Joolal

Scientific classification
- Kingdom: Plantae
- Clade: Tracheophytes
- Clade: Angiosperms
- Clade: Eudicots
- Clade: Rosids
- Order: Myrtales
- Family: Combretaceae
- Genus: Terminalia
- Species: T. canescens
- Binomial name: Terminalia canescens DC. Radlk.

= Terminalia canescens =

- Genus: Terminalia
- Species: canescens
- Authority: DC. Radlk.

Species of tree

Terminalia canescens, commonly known as joolal, winged nut tree, or wingnut, and also known by its Aboriginal name djilanydjin in north-western Australia, is a tree of the family Combretaceae native to northern parts of Australia.

==Description==
The small tree or shrub typically grows to a height of 1 to 10 m in height and is deciduous or semi-deciduous. It blooms between July and January producing white-cream-green flowers. The species is very similar to Terminalia bursarina but has larger leaves and fruits.

The bark is grey to brown in colour and sheds in coarse flakes. Leaf blades are narrowly elliptic to oblanceolate in shape with length of 28 to 75 mm and a width of 5 to 35 mm. The inflorescences are 15 to 90 mm long producing dry winged fruit with a flattened, elliptic to obovate shape and a length of 15 to 40 mm.
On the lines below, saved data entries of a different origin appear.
(* The refinement system $p:\mathbf{Subset}\to\mathbf{Rel}$ is symmetric monoidal closed, with tensor product and implication of $\mathbf{Subset}$ defined as $(A,R)\otimes(B,S)=(A\times B,R\otimes S)$ and $(A,R)\multimap(B,S)=(A\times B,R\multimap S)$, where $R\otimes S=\{(a,b)\in A\times B\mid Ra\wedge Sb\}$ and $R\multimap S=\{(a,b)\in A\times B\mid Ra\Rightarrow Sb\}$.
   Context: $\mathbf{Rel}$ is the compact closed category $(\mathbf{Rel},\times,1)$ of sets and binary relations (a morphism from $A$ to $B$ is a relation $M\subseteq A\times B$). $\mathbf{Subset}$ has objects $(A,R)$ with $R\subseteq A$ and morphisms $M:(A,R)\to(B,S)$ the relations $M\subseteq A\times B$ with $(M(a,b)\wedge Ra)\Rightarrow Sb$ for all $a,b$; $p$ forgets the subset. A (symmetric) monoidal closed refinement system is a functor $p:\mathscr{E}\to\mathscr{B}$ between (symmetric) monoidal closed categories that preserves the (symmetric) monoidal closed structure up to coherent isomorphism. *)

theory Defs
  imports Main
begin

(* Rel: an object is a set, represented by (the universe of) a HOL type;
   a morphism A -> B is a relation M :: ('a \<times> 'b) set.
   Subset: an object is (A,R) with R \<subseteq> A, i.e. R :: 'a set;
   M is a morphism (A,R) -> (B,S) iff (M(a,b) \<and> R a) \<Longrightarrow> S b. *)

definition subset_mor :: "'a set \<Rightarrow> 'b set \<Rightarrow> ('a \<times> 'b) set \<Rightarrow> bool" where
  "subset_mor R S M \<longleftrightarrow> (\<forall>a b. (a, b) \<in> M \<and> a \<in> R \<longrightarrow> b \<in> S)"

definition sub_tensor :: "'a set \<Rightarrow> 'b set \<Rightarrow> ('a \<times> 'b) set" where
  "sub_tensor R S = {(a, b). a \<in> R \<and> b \<in> S}"

definition sub_limp :: "'a set \<Rightarrow> 'b set \<Rightarrow> ('a \<times> 'b) set" where
  "sub_limp R S = {(a, b). a \<in> R \<longrightarrow> b \<in> S}"

definition sub_unit :: "unit set" where
  "sub_unit = UNIV"

(* symmetric monoidal closed structure of Rel (A \<otimes> B = A \<times> B, A \<multimap> B = A \<times> B) *)
definition rel_tensor :: "('a \<times> 'c) set \<Rightarrow> ('b \<times> 'd) set \<Rightarrow> (('a \<times> 'b) \<times> ('c \<times> 'd)) set" where
  "rel_tensor M N = {((a, b), (c, d)). (a, c) \<in> M \<and> (b, d) \<in> N}"

(* action of \<multimap> on morphisms M : A' -> A, N : B -> B' gives (A \<multimap> B) -> (A' \<multimap> B') *)
definition rel_limp :: "('a' \<times> 'a) set \<Rightarrow> ('b \<times> 'b') set \<Rightarrow> (('a \<times> 'b) \<times> ('a' \<times> 'b')) set" where
  "rel_limp M N = {((a, b), (a', b')). (a', a) \<in> M \<and> (b, b') \<in> N}"

definition rel_assoc :: "((('a \<times> 'b) \<times> 'c) \<times> ('a \<times> ('b \<times> 'c))) set" where
  "rel_assoc = {(((a, b), c), (a, (b, c))) | a b c. True}"

definition rel_lunit :: "((unit \<times> 'a) \<times> 'a) set" where
  "rel_lunit = {(((), a), a) | a. True}"

definition rel_runit :: "(('a \<times> unit) \<times> 'a) set" where
  "rel_runit = {((a, ()), a) | a. True}"

definition rel_sym :: "(('a \<times> 'b) \<times> ('b \<times> 'a)) set" where
  "rel_sym = {((a, b), (b, a)) | a b. True}"

definition rel_curry :: "((('a \<times> 'b) \<times> 'c) set) \<Rightarrow> ('a \<times> ('b \<times> 'c)) set" where
  "rel_curry M = {(a, (b, c)). ((a, b), c) \<in> M}"

definition rel_uncurry :: "('a \<times> ('b \<times> 'c)) set \<Rightarrow> (('a \<times> 'b) \<times> 'c) set" where
  "rel_uncurry N = {((a, b), c). (a, (b, c)) \<in> N}"

definition rel_eval :: "((('a \<times> 'b) \<times> 'a) \<times> 'b) set" where
  "rel_eval = {(((a, b), a), b) | a b. True}"

end

theory Submission
  imports Defs
begin

lemma subset_mor_rel_tensor:
  assumes "subset_mor R R' M" and "subset_mor S S' N"
  shows "subset_mor (sub_tensor R S) (sub_tensor R' S') (rel_tensor M N)"
  using assms by (auto simp: subset_mor_def sub_tensor_def rel_tensor_def)

lemma subset_mor_rel_limp:
  assumes "subset_mor R' R M" and "subset_mor S S' N"
  shows "subset_mor (sub_limp R S) (sub_limp R' S') (rel_limp M N)"
  using assms by (auto simp: subset_mor_def sub_limp_def rel_limp_def)

lemma subset_mor_rel_assoc:
  "subset_mor (sub_tensor (sub_tensor R S) T) (sub_tensor R (sub_tensor S T)) rel_assoc"
  by (auto simp: subset_mor_def sub_tensor_def rel_assoc_def)

lemma subset_mor_converse_rel_assoc:
  "subset_mor (sub_tensor R (sub_tensor S T)) (sub_tensor (sub_tensor R S) T) (converse rel_assoc)"
  by (auto simp: subset_mor_def sub_tensor_def rel_assoc_def)

lemma subset_mor_rel_lunit: "subset_mor (sub_tensor sub_unit R) R rel_lunit"
  by (auto simp: subset_mor_def sub_tensor_def rel_lunit_def)

lemma subset_mor_converse_rel_lunit: "subset_mor R (sub_tensor sub_unit R) (converse rel_lunit)"
  by (auto simp: subset_mor_def sub_tensor_def sub_unit_def rel_lunit_def)

lemma subset_mor_rel_runit: "subset_mor (sub_tensor R sub_unit) R rel_runit"
  by (auto simp: subset_mor_def sub_tensor_def rel_runit_def)

lemma subset_mor_converse_rel_runit: "subset_mor R (sub_tensor R sub_unit) (converse rel_runit)"
  by (auto simp: subset_mor_def sub_tensor_def sub_unit_def rel_runit_def)

lemma subset_mor_rel_sym: "subset_mor (sub_tensor R S) (sub_tensor S R) rel_sym"
  by (auto simp: subset_mor_def sub_tensor_def rel_sym_def)

text \<open>Both sides say: \<open>((a, b), c) \<in> M\<close>, \<open>a \<in> R\<close> and \<open>b \<in> S\<close> imply \<open>c \<in> T\<close>;
  they differ only in whether \<open>b \<in> S\<close> is a hypothesis or the premise of the implication in
  \<open>sub_limp\<close>.\<close>

lemma subset_mor_rel_curry_iff:
  "subset_mor (sub_tensor R S) T M \<longleftrightarrow> subset_mor R (sub_limp S T) (rel_curry M)"
  by (auto simp: subset_mor_def sub_tensor_def sub_limp_def rel_curry_def)

lemma subset_mor_rel_eval: "subset_mor (sub_tensor (sub_limp R S) R) S rel_eval"
  by (auto simp: subset_mor_def sub_tensor_def sub_limp_def rel_eval_def)

theorem mainTheorem2:
  shows
  \<comment> \<open>tensor and implication are functorial on Subset, lifting those of Rel\<close>
  "(\<forall>(R::'a set) (R'::'c set) (S::'b set) (S'::'d set) M N.
      subset_mor R R' M \<and> subset_mor S S' N \<longrightarrow>
      subset_mor (sub_tensor R S) (sub_tensor R' S') (rel_tensor M N))
 \<and> (\<forall>(R::'a set) (R'::'c set) (S::'b set) (S'::'d set) M N.
      subset_mor R' R M \<and> subset_mor S S' N \<longrightarrow>
      subset_mor (sub_limp R S) (sub_limp R' S') (rel_limp M N))
 \<and> \<comment> \<open>associator and its inverse\<close>
   (\<forall>(R::'a set) (S::'b set) (T::'c set).
      subset_mor (sub_tensor (sub_tensor R S) T) (sub_tensor R (sub_tensor S T)) rel_assoc
    \<and> subset_mor (sub_tensor R (sub_tensor S T)) (sub_tensor (sub_tensor R S) T) (converse rel_assoc))
 \<and> \<comment> \<open>unitors and their inverses\<close>
   (\<forall>R::'a set.
      subset_mor (sub_tensor sub_unit R) R rel_lunit
    \<and> subset_mor R (sub_tensor sub_unit R) (converse rel_lunit)
    \<and> subset_mor (sub_tensor R sub_unit) R rel_runit
    \<and> subset_mor R (sub_tensor R sub_unit) (converse rel_runit))
 \<and> \<comment> \<open>symmetry\<close>
   (\<forall>(R::'a set) (S::'b set).
      subset_mor (sub_tensor R S) (sub_tensor S R) rel_sym)
 \<and> \<comment> \<open>closedness: the currying bijection of Rel restricts to Subset\<close>
   (\<forall>(R::'a set) (S::'b set) (T::'c set) M.
      subset_mor (sub_tensor R S) T M \<longleftrightarrow> subset_mor R (sub_limp S T) (rel_curry M))
 \<and> (\<forall>(R::'a set) (S::'b set).
      subset_mor (sub_tensor (sub_limp R S) R) S rel_eval)"
  by (intro conjI allI impI; (elim conjE)?)
    (fact subset_mor_rel_tensor subset_mor_rel_limp subset_mor_rel_assoc
      subset_mor_converse_rel_assoc subset_mor_rel_lunit subset_mor_converse_rel_lunit
      subset_mor_rel_runit subset_mor_converse_rel_runit subset_mor_rel_sym
      subset_mor_rel_curry_iff subset_mor_rel_eval)+

end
It is found in a variety of habitats over laterite or sandstone in the Kimberley region of Western Australia and the Northern Territory growing in sandy-stony soils.

==Uses==
The leaves, bark and stems of this plant are used in Australian native tea known as "Jilungin tea". This tea is promoted as aiding relaxation and sleep. The tea is said to have a mild, earthy flavour and aroma, similar to green tea or grass. This tea is used by the Indigenous Nyul Nyul people of the Kimberley in Western Australia to promote deep sleep, and as a digestive tonic to provide energy during the day.

A 2017 report by the Centre for Nutrition and Food Sciences, Queensland Alliance for Agriculture and Food, showed antioxidant levels similar to or exceeding those of green tea in a sample of Terminalia canescens prepared as Jilungun Tea.

==Cultivation==
A project is under way as of 2021 to cultivate the tree alongside orchards of gubinge (Terminalia ferdinandiana, aka Kakadu plum) in the Broome area.